▶ [Prompt]
If a line comes after the one containing "norm (cross3 (Xu", leave it out; copy every line before it, and that line too, exactly as written, starting from the first line of the entries.

▶ [Records shown]
(* Let $\Sigma$ be a smooth surface in $\mathbb{R}^3$ and let $\Gamma$ be a line of curvature on $\Sigma$ whose geodesic curvature on $\Sigma$ is a constant $c\neq 0$. Suppose that the principal curvature of $\Sigma$ along $\Gamma$ (i.e. the normal curvature of $\Sigma$ in the direction tangent to $\Gamma$) does not vanish at any point of $\Gamma$, and that $\Gamma$, regarded as a space curve in $\mathbb{R}^3$, has nowhere vanishing torsion. Then there exists a sphere of radius $\frac{1}{|c|}$ which intersects $\Sigma$ orthogonally along $\Gamma$.
   Context: A line of curvature on $\Sigma$ is a curve whose tangent vector is at every point a principal direction of $\Sigma$. *)

theory Defs
  imports "HOL-Analysis.Analysis"
begin

fun Ck_on :: "nat \<Rightarrow> ('a::euclidean_space \<Rightarrow> 'b::real_normed_vector) \<Rightarrow> 'a set \<Rightarrow> bool" where
  "Ck_on 0 f U = continuous_on U f"
| "Ck_on (Suc k) f U =
     (f differentiable_on U \<and> (\<forall>i\<in>Basis. Ck_on k (\<lambda>x. frechet_derivative f (at x) i) U))"

definition smooth_on :: "('a::euclidean_space \<Rightarrow> 'b::real_normed_vector) \<Rightarrow> 'a set \<Rightarrow> bool" where
  "smooth_on f U \<longleftrightarrow> (\<forall>k. Ck_on k f U)"

definition Xu :: "(real^2 \<Rightarrow> real^3) \<Rightarrow> real^2 \<Rightarrow> real^3" where
  "Xu X p = frechet_derivative X (at p) (axis 1 1)"
definition Xv :: "(real^2 \<Rightarrow> real^3) \<Rightarrow> real^2 \<Rightarrow> real^3" where
  "Xv X p = frechet_derivative X (at p) (axis 2 1)"

definition regular_surface_patch :: "(real^2 \<Rightarrow> real^3) \<Rightarrow> (real^2) set \<Rightarrow> bool" where
  "regular_surface_patch X U \<longleftrightarrow> open U \<and> U \<noteq> {} \<and> smooth_on X U \<and>
     (\<forall>p\<in>U. cross3 (Xu X p) (Xv X p) \<noteq> 0)"

definition unit_normal :: "(real^2 \<Rightarrow> real^3) \<Rightarrow> real^2 \<Rightarrow> real^3" where
  "unit_normal X p = (1 / norm (cross3 (Xu X p) (Xv X p))) *\<^sub>R cross3 (Xu X p) (Xv X p)"

definition d1 :: "(real \<Rightarrow> real^3) \<Rightarrow> real \<Rightarrow> real^3" where
  "d1 g t = vector_derivative g (at t)"
definition d2 :: "(real \<Rightarrow> real^3) \<Rightarrow> real \<Rightarrow> real^3" where
  "d2 g t = vector_derivative (d1 g) (at t)"
definition d3 :: "(real \<Rightarrow> real^3) \<Rightarrow> real \<Rightarrow> real^3" where
  "d3 g t = vector_derivative (d2 g) (at t)"

definition torsion :: "(real \<Rightarrow> real^3) \<Rightarrow> real \<Rightarrow> real" where
  "torsion g t = (cross3 (d1 g t) (d2 g t) \<bullet> d3 g t) / (norm (cross3 (d1 g t) (d2 g t)))\<^sup>2"

text \<open>Curve on the surface: \<gamma> = X \<circ> \<alpha>, \<alpha> : I \<rightarrow> U.
  Shape operator S = -dN; the tangent vector \<gamma>'(t) = dX(\<alpha>'(t)) is a principal direction
  iff S(\<gamma>') = dN applied with a minus sign to \<alpha>' is a multiple of \<gamma>'.\<close>
definition line_of_curvature :: "(real^2 \<Rightarrow> real^3) \<Rightarrow> (real \<Rightarrow> real^2) \<Rightarrow> real set \<Rightarrow> bool" where
  "line_of_curvature X \<alpha> I \<longleftrightarrow>
     (\<forall>t\<in>I. \<exists>k::real. - frechet_derivative (unit_normal X) (at (\<alpha> t)) (vector_derivative \<alpha> (at t))
                        = k *\<^sub>R d1 (X \<circ> \<alpha>) t)"

definition normal_curvature :: "(real^2 \<Rightarrow> real^3) \<Rightarrow> (real \<Rightarrow> real^2) \<Rightarrow> real \<Rightarrow> real" where
  "normal_curvature X \<alpha> t =
     (- frechet_derivative (unit_normal X) (at (\<alpha> t)) (vector_derivative \<alpha> (at t)) \<bullet> d1 (X \<circ> \<alpha>) t)
       / (norm (d1 (X \<circ> \<alpha>) t))\<^sup>2"

definition geodesic_curvature :: "(real^2 \<Rightarrow> real^3) \<Rightarrow> (real \<Rightarrow> real^2) \<Rightarrow> real \<Rightarrow> real" where
  "geodesic_curvature X \<alpha> t =
     (d2 (X \<circ> \<alpha>) t \<bullet> cross3 (unit_normal X (\<alpha> t)) (d1 (X \<circ> \<alpha>) t)) / (norm (d1 (X \<circ> \<alpha>) t)) ^ 3"

end

theory Submission imports Defs begin

text \<open>
  Let \<open>T\<close> be the unit tangent of \<open>\<gamma> = X \<circ> \<alpha>\<close>, \<open>N\<close> the unit normal of the surface and
  \<open>s\<close> arc length. Along a line of curvature \<open>N'\<close> is parallel to \<open>T\<close>, and the geodesic curvature
  is the \<open>N \<times> T\<close>-component of \<open>T'\<close>, so \<open>T' = c (N \<times> T) + \<kappa>\<^sub>n N\<close> and hence
  \<open>(N \<times> T)' = N \<times> T' = - c T\<close>. Therefore \<open>\<gamma> + (1/c) (N \<times> T)\<close> has zero derivative: it is a
  fixed point \<open>p\<close>, the curve stays at distance \<open>1/\<bar>c\<bar>\<close> from \<open>p\<close>, and \<open>\<gamma> - p\<close> is tangent to the
  surface, i.e. the sphere meets it orthogonally.
\<close>

lemma smooth_on_differentiable_on:
  assumes "smooth_on f U"
  shows "f differentiable_on U"
  using assms unfolding smooth_on_def by (metis Ck_on.simps(2))

lemma smooth_on_differentiable_at:
  assumes "smooth_on f U" "open U" "x \<in> U"
  shows "f differentiable at x"
  using smooth_on_differentiable_on[OF assms(1)] assms(2,3)
  by (simp add: differentiable_on_eq_differentiable_at)

lemma smooth_on_partial_derivative:
  assumes "smooth_on f U" "i \<in> Basis"
  shows "smooth_on (\<lambda>x. frechet_derivative f (at x) i) U"
  using assms unfolding smooth_on_def by (metis Ck_on.simps(2))

lemma has_vector_derivative_frechet_derivative:
  fixes f :: "real \<Rightarrow> 'b::real_normed_vector"
  assumes "f differentiable at x"
  shows "(f has_vector_derivative frechet_derivative f (at x) 1) (at x)"
proof -
  have "frechet_derivative f (at x) = (\<lambda>h. h *\<^sub>R frechet_derivative f (at x) 1)"
    using linear_frechet_derivative[OF assms] by (metis linear_scale mult.comm_neutral real_scaleR_def)
  then show ?thesis
    using assms frechet_derivative_works unfolding has_vector_derivative_def by metis
qed

lemma has_vector_derivative_chain_at:
  assumes "(g has_vector_derivative v) (at t)" "f differentiable at (g t)"
  shows "((f \<circ> g) has_vector_derivative frechet_derivative f (at (g t)) v) (at t)"
proof -
  have "(f has_derivative frechet_derivative f (at (g t))) (at (g t) within range g)"
    using assms(2) frechet_derivative_works has_derivative_at_withinI by blast
  then show ?thesis
    using vector_derivative_diff_chain_within[of g v t UNIV] assms(1) by simp
qed

lemma frechet_derivative_vec2_expansion:
  fixes f :: "real^2 \<Rightarrow> 'b::real_normed_vector"
  assumes "f differentiable at x"
  shows "frechet_derivative f (at x) v = (v$1) *\<^sub>R frechet_derivative f (at x) (axis 1 1)
          + (v$2) *\<^sub>R frechet_derivative f (at x) (axis 2 1)"
proof -
  have "v = (v$1) *\<^sub>R axis 1 1 + (v$2) *\<^sub>R axis 2 1"
    by (simp add: vec_eq_iff forall_2 axis_def)
  then have "frechet_derivative f (at x) v
      = frechet_derivative f (at x) ((v$1) *\<^sub>R axis 1 1 + (v$2) *\<^sub>R axis 2 1)"
    by simp
  then show ?thesis
    using linear_frechet_derivative[OF assms] by (simp add: linear_add linear_scale)
qed

lemma bounded_bilinear_cross3: "bounded_bilinear (cross3 :: real^3 \<Rightarrow> real^3 \<Rightarrow> real^3)"
  using bilinear_cross bilinear_conv_bounded_bilinear by blast

lemma cross3_orthonormal_expansion:
  fixes N w x :: "real^3"
  assumes "N \<bullet> N = 1" "N \<bullet> w = 0"
  shows "(w \<bullet> w) *\<^sub>R cross3 N x = (x \<bullet> w) *\<^sub>R cross3 N w - (x \<bullet> cross3 N w) *\<^sub>R w"
  using assms unfolding cross3_def inner_vec_def sum_3 vec_eq_iff forall_3
  by (simp add: vector_def) algebra

lemma norm_cross3_orthogonal_unit:
  fixes N w :: "real^3"
  assumes "norm N = 1" "N \<bullet> w = 0"
  shows "norm (cross3 N w) = norm w"
proof -
  have "(norm (cross3 N w))\<^sup>2 = (norm w)\<^sup>2" using norm_cross_dot[of N w] assms by simp
  then show ?thesis by (simp add: power2_eq_iff_nonneg)
qed

lemma sphere_center_has_vector_derivative_zero:
  fixes \<gamma> V N :: "real \<Rightarrow> real^3"
  assumes \<gamma>': "(\<gamma> has_vector_derivative V t) (at t)"
    and V': "(V has_vector_derivative A) (at t)"
    and N': "(N has_vector_derivative - k *\<^sub>R V t) (at t)"
    and unit: "norm (N t) = 1" and orth: "N t \<bullet> V t = 0" and nz: "V t \<noteq> 0"
    and geod: "A \<bullet> cross3 (N t) (V t) = c * norm (V t) ^ 3" and c: "c \<noteq> 0"
  shows "((\<lambda>s. \<gamma> s + (1/c) *\<^sub>R (inverse (norm (V s)) *\<^sub>R cross3 (N s) (V s)))
           has_vector_derivative 0) (at t)"
proof -
  define v where "v = norm (V t)"
  have v: "v > 0" using nz unfolding v_def by simp
  have norm': "((\<lambda>s. norm (V s)) has_vector_derivative (A \<bullet> sgn (V t))) (at t)"
  proof -
    have "(norm has_derivative (\<lambda>h. h \<bullet> sgn (V t))) (at (V t) within range V)"
      using has_derivative_norm[OF nz] by (rule has_derivative_at_withinI)
    from vector_derivative_diff_chain_within[OF V' this] show ?thesis by (simp add: o_def)
  qed
  have inverse': "((\<lambda>s. inverse (norm (V s))) has_field_derivative
      - ((A \<bullet> sgn (V t)) * inverse (v ^ 2))) (at t)"
    using DERIV_inverse_fun[OF norm'[unfolded has_real_derivative_iff_has_vector_derivative[symmetric]]]
      nz unfolding v_def by (simp add: power2_eq_square)
  have cross': "((\<lambda>s. cross3 (N s) (V s)) has_vector_derivative cross3 (N t) A) (at t)"
    using bounded_bilinear.has_vector_derivative[OF bounded_bilinear_cross3 N' V']
    by (simp add: cross_mult_left)
  have darboux: "cross3 (N t) A = ((A \<bullet> V t) / v^2) *\<^sub>R cross3 (N t) (V t) - (c * v) *\<^sub>R V t"
  proof -
    have scaled: "(v^2) *\<^sub>R cross3 (N t) A
        = (A \<bullet> V t) *\<^sub>R cross3 (N t) (V t) - (c * v^3) *\<^sub>R V t"
      using cross3_orthonormal_expansion[of "N t" "V t" A] unit orth geod
      unfolding v_def by (simp add: dot_square_norm)
    have "cross3 (N t) A = inverse (v^2) *\<^sub>R ((v^2) *\<^sub>R cross3 (N t) A)"
      using v by simp
    then show ?thesis
      unfolding scaled
      using v by (simp add: scaleR_diff_right field_simps power3_eq_cube power2_eq_square)
  qed
  have "((\<lambda>s. \<gamma> s + (1/c) *\<^sub>R (inverse (norm (V s)) *\<^sub>R cross3 (N s) (V s))) has_vector_derivative
      V t + (1/c) *\<^sub>R (inverse v *\<^sub>R cross3 (N t) A
        + (- ((A \<bullet> sgn (V t)) * inverse (v ^ 2))) *\<^sub>R cross3 (N t) (V t))) (at t)"
    using has_vector_derivative_add[OF \<gamma>' has_vector_derivative_scaleR[OF DERIV_const[of "1/c"]
        has_vector_derivative_scaleR[OF inverse' cross']]]
    unfolding v_def by simp
  also have "V t + (1/c) *\<^sub>R (inverse v *\<^sub>R cross3 (N t) A
        + (- ((A \<bullet> sgn (V t)) * inverse (v ^ 2))) *\<^sub>R cross3 (N t) (V t)) = 0"
    unfolding darboux sgn_div_norm v_def[symmetric] using v c
    by (simp add: inner_commute scaleR_diff_right scaleR_add_right field_simps power2_eq_square)
  finally show ?thesis .
qed

lemma conormal_offset:
  fixes N w x p :: "real^3"
  assumes "norm N = 1" "N \<bullet> w = 0" "w \<noteq> 0" "c \<noteq> 0"
    and "x + (1/c) *\<^sub>R (inverse (norm w) *\<^sub>R cross3 N w) = p"
  shows "dist x p = 1 / \<bar>c\<bar> \<and> (x - p) \<bullet> N = 0"
proof -
  have "x - p = - ((1/c) *\<^sub>R (inverse (norm w) *\<^sub>R cross3 N w))"
    using assms(5) by (auto simp: algebra_simps)
  then show ?thesis
    using norm_cross3_orthogonal_unit[OF assms(1,2)] assms(3)
    by (simp add: dist_norm cross_mult_left dot_cross_self inner_commute)
qed

lemma unit_normal_orthogonal:
  assumes "X differentiable at p"
  shows "unit_normal X p \<bullet> frechet_derivative X (at p) v = 0"
  using frechet_derivative_vec2_expansion[OF assms, of v]
  unfolding unit_normal_def Xu_def Xv_def by (simp add: inner_add_right dot_cross_self)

▶ [Expected output]
(* Let $\Sigma$ be a smooth surface in $\mathbb{R}^3$ and let $\Gamma$ be a line of curvature on $\Sigma$ whose geodesic curvature on $\Sigma$ is a constant $c\neq 0$. Suppose that the principal curvature of $\Sigma$ along $\Gamma$ (i.e. the normal curvature of $\Sigma$ in the direction tangent to $\Gamma$) does not vanish at any point of $\Gamma$, and that $\Gamma$, regarded as a space curve in $\mathbb{R}^3$, has nowhere vanishing torsion. Then there exists a sphere of radius $\frac{1}{|c|}$ which intersects $\Sigma$ orthogonally along $\Gamma$.
   Context: A line of curvature on $\Sigma$ is a curve whose tangent vector is at every point a principal direction of $\Sigma$. *)

theory Defs
  imports "HOL-Analysis.Analysis"
begin

fun Ck_on :: "nat \<Rightarrow> ('a::euclidean_space \<Rightarrow> 'b::real_normed_vector) \<Rightarrow> 'a set \<Rightarrow> bool" where
  "Ck_on 0 f U = continuous_on U f"
| "Ck_on (Suc k) f U =
     (f differentiable_on U \<and> (\<forall>i\<in>Basis. Ck_on k (\<lambda>x. frechet_derivative f (at x) i) U))"

definition smooth_on :: "('a::euclidean_space \<Rightarrow> 'b::real_normed_vector) \<Rightarrow> 'a set \<Rightarrow> bool" where
  "smooth_on f U \<longleftrightarrow> (\<forall>k. Ck_on k f U)"

definition Xu :: "(real^2 \<Rightarrow> real^3) \<Rightarrow> real^2 \<Rightarrow> real^3" where
  "Xu X p = frechet_derivative X (at p) (axis 1 1)"
definition Xv :: "(real^2 \<Rightarrow> real^3) \<Rightarrow> real^2 \<Rightarrow> real^3" where
  "Xv X p = frechet_derivative X (at p) (axis 2 1)"

definition regular_surface_patch :: "(real^2 \<Rightarrow> real^3) \<Rightarrow> (real^2) set \<Rightarrow> bool" where
  "regular_surface_patch X U \<longleftrightarrow> open U \<and> U \<noteq> {} \<and> smooth_on X U \<and>
     (\<forall>p\<in>U. cross3 (Xu X p) (Xv X p) \<noteq> 0)"

definition unit_normal :: "(real^2 \<Rightarrow> real^3) \<Rightarrow> real^2 \<Rightarrow> real^3" where
  "unit_normal X p = (1 / norm (cross3 (Xu X p) (Xv X p))) *\<^sub>R cross3 (Xu X p) (Xv X p)"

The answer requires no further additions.